## What you will do
Using the records that appear below, write out exactly the lines from the one with "by (simp add: fun_eq_iff quot_join_def" through the one with "L1 \<Longrightarrow> F", keeping both end lines.

Stored data entries
- - -

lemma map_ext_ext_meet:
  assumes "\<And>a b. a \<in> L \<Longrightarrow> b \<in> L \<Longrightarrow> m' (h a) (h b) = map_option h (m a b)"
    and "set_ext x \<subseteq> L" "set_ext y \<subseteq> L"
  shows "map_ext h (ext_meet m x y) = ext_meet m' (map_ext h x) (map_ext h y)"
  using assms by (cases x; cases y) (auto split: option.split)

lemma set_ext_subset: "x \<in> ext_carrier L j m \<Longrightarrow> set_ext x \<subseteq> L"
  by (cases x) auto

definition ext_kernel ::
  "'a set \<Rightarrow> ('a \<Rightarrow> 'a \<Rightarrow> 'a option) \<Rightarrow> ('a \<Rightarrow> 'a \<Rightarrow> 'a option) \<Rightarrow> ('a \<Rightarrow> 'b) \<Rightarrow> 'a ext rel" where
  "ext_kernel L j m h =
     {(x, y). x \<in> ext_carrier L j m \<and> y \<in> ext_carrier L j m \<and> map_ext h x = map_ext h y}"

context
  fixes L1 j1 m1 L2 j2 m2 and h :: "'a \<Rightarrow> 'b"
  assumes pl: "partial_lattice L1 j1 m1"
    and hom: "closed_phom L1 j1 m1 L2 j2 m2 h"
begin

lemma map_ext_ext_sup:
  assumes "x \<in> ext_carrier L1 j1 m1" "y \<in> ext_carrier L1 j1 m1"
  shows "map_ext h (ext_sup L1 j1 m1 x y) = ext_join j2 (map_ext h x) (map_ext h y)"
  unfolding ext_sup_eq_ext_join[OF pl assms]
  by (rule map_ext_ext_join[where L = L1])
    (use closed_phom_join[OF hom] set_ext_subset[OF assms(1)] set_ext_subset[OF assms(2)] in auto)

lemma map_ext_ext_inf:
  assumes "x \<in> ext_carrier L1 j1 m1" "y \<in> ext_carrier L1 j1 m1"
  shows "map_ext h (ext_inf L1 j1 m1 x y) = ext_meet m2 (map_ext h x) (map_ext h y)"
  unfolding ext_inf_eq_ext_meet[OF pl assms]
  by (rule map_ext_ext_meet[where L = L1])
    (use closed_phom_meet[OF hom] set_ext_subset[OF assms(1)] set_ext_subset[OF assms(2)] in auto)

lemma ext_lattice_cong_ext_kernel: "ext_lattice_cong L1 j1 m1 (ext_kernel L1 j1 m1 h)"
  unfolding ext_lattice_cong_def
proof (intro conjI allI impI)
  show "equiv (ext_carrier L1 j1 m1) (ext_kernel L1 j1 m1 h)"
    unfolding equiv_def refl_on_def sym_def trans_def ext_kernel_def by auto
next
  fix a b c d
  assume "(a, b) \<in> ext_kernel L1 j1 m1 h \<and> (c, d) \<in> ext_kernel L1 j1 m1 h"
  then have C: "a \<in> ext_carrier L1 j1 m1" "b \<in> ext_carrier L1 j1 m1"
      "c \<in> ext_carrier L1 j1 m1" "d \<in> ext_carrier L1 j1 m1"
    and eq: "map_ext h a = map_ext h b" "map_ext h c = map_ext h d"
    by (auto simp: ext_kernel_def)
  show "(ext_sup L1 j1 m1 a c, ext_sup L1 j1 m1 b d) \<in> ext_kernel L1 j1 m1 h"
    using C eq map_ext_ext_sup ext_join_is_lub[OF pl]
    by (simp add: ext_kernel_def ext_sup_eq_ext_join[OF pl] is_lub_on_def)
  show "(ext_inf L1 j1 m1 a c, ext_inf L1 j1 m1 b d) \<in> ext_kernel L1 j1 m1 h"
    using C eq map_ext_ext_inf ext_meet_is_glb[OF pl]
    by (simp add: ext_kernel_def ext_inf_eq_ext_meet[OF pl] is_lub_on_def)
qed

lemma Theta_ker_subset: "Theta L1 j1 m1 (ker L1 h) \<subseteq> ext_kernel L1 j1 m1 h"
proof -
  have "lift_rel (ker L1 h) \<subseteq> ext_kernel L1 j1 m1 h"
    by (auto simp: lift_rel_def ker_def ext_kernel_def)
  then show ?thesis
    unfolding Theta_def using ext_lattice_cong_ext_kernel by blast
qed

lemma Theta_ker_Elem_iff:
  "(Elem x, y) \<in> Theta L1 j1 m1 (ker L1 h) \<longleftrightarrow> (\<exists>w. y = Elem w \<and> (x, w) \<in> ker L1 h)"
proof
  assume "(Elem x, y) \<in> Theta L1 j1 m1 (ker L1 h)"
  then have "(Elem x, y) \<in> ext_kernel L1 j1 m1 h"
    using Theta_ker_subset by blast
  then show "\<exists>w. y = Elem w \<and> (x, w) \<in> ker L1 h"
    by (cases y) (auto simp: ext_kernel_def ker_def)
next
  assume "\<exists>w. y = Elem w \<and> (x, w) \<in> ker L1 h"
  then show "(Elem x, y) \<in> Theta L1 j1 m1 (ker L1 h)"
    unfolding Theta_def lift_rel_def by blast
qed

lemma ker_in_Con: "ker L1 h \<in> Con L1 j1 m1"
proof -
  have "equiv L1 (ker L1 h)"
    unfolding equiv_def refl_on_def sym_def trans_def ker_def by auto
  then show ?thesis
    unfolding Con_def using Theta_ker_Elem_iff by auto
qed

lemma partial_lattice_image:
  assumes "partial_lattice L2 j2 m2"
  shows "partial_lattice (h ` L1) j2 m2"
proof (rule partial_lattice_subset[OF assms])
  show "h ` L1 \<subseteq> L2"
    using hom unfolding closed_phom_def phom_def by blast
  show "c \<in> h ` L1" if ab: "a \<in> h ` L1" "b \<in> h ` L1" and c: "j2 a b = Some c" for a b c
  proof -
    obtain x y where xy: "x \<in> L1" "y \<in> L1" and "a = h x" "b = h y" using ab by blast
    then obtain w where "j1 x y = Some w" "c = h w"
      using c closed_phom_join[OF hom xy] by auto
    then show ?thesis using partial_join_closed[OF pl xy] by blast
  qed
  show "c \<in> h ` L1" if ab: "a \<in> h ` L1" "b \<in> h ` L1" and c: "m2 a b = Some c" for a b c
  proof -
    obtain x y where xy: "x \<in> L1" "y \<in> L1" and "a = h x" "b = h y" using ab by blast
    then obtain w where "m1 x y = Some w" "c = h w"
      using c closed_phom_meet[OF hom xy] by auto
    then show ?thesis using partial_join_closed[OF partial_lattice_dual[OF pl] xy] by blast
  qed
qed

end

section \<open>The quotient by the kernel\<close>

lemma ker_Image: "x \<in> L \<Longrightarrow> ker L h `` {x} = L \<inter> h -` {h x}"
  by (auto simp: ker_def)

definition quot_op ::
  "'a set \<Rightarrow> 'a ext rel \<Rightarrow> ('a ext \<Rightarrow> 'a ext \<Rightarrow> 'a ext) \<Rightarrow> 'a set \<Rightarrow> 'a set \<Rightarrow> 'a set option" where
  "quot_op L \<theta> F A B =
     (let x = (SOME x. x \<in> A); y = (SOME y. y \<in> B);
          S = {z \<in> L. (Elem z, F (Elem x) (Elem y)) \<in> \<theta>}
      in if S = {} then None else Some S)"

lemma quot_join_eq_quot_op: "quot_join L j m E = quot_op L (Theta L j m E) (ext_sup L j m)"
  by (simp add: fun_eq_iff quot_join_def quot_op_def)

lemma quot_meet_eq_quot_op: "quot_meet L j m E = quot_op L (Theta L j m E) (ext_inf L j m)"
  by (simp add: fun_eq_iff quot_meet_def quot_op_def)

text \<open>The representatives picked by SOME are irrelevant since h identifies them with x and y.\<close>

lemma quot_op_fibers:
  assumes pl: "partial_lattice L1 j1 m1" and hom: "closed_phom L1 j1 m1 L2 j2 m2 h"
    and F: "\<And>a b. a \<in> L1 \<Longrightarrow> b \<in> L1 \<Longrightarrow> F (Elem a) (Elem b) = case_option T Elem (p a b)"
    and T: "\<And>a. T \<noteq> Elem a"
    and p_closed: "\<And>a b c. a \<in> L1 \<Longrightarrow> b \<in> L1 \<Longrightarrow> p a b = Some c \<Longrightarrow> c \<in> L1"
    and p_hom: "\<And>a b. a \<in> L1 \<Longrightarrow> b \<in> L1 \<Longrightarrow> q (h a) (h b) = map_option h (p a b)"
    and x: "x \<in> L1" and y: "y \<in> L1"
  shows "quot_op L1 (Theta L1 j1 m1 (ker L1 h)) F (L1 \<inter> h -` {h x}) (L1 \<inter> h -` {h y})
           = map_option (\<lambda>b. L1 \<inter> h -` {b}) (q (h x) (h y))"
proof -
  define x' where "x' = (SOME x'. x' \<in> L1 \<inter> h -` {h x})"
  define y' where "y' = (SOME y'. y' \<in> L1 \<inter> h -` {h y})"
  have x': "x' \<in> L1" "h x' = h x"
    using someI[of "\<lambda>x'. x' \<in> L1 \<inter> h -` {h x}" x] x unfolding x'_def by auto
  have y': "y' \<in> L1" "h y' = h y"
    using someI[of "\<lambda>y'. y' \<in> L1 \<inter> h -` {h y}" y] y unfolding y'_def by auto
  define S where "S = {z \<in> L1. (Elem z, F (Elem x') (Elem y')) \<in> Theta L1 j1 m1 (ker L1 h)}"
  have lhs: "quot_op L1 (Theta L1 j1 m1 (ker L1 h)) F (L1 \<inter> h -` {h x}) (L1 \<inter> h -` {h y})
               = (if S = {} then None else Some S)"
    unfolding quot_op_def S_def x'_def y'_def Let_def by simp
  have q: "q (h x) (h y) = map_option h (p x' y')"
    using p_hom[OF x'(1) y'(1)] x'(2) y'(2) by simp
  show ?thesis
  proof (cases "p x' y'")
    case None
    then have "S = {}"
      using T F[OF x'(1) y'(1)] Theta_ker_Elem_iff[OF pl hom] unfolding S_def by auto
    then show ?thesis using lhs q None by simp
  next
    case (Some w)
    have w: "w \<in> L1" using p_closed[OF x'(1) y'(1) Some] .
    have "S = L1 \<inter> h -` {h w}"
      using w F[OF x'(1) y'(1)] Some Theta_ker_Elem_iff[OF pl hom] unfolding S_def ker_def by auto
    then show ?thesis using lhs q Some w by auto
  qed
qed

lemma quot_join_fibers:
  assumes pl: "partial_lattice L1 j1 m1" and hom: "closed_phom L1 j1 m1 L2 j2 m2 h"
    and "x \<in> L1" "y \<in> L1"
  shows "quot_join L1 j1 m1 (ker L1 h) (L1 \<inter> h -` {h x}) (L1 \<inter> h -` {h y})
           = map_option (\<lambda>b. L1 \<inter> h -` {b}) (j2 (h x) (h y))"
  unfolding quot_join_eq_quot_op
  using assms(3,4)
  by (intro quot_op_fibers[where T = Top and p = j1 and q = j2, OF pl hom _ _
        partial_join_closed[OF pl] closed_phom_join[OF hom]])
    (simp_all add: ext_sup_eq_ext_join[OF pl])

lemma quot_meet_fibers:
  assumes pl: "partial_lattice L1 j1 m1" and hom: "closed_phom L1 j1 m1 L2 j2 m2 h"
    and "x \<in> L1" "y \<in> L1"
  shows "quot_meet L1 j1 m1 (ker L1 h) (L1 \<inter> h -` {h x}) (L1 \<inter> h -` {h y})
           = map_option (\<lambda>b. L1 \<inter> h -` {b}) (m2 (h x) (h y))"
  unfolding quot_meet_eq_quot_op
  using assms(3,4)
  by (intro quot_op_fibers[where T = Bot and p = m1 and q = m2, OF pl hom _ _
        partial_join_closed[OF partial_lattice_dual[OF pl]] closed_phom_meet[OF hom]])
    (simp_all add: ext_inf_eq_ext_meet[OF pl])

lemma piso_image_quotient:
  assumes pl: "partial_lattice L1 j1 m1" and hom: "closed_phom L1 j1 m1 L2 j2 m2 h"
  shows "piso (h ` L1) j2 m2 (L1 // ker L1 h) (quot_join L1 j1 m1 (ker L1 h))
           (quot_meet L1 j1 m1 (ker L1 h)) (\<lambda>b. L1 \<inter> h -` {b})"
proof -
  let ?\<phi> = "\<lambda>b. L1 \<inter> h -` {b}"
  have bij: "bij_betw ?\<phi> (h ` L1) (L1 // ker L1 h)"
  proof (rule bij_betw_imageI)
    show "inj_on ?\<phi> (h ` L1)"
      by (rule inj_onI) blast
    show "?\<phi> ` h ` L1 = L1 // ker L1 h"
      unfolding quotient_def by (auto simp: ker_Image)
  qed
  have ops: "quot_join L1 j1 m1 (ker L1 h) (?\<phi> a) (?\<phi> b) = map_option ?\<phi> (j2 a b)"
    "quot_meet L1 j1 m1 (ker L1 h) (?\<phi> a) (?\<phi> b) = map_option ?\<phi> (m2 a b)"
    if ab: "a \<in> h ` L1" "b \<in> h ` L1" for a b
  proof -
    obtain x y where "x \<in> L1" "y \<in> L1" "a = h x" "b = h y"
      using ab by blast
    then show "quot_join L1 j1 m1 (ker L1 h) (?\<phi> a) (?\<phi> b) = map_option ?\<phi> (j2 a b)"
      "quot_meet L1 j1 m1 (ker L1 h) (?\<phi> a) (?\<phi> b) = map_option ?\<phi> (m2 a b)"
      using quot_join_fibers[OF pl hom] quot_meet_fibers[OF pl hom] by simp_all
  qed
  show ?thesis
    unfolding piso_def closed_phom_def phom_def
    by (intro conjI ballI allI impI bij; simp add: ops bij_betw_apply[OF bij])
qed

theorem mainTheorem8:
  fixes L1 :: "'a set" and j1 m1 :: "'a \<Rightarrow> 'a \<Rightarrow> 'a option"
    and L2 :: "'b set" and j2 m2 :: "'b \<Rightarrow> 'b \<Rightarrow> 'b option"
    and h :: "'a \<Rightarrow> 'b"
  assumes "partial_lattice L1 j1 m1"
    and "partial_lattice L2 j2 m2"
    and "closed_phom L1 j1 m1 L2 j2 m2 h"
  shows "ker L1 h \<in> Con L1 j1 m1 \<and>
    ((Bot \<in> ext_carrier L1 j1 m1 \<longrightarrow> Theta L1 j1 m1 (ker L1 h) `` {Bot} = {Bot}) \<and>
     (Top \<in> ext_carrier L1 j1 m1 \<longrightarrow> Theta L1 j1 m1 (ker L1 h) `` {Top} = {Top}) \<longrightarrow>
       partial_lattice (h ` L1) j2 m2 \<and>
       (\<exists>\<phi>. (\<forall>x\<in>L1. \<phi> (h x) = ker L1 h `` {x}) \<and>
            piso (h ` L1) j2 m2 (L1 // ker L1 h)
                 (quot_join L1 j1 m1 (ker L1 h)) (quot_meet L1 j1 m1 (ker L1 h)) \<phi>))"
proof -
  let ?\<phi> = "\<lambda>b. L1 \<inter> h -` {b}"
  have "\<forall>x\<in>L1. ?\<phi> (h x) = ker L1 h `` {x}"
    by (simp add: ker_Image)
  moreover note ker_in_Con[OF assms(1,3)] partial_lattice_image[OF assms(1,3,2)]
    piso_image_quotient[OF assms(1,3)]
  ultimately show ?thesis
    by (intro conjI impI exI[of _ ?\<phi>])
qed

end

- - -

## Written answer
  by (simp add: fun_eq_iff quot_join_def quot_op_def)

lemma quot_meet_eq_quot_op: "quot_meet L j m E = quot_op L (Theta L j m E) (ext_inf L j m)"
  by (simp add: fun_eq_iff quot_meet_def quot_op_def)

text \<open>The representatives picked by SOME are irrelevant since h identifies them with x and y.\<close>

lemma quot_op_fibers:
  assumes pl: "partial_lattice L1 j1 m1" and hom: "closed_phom L1 j1 m1 L2 j2 m2 h"
    and F: "\<And>a b. a \<in> L1 \<Longrightarrow> b \<in> L1 \<Longrightarrow> F (Elem a) (Elem b) = case_option T Elem (p a b)"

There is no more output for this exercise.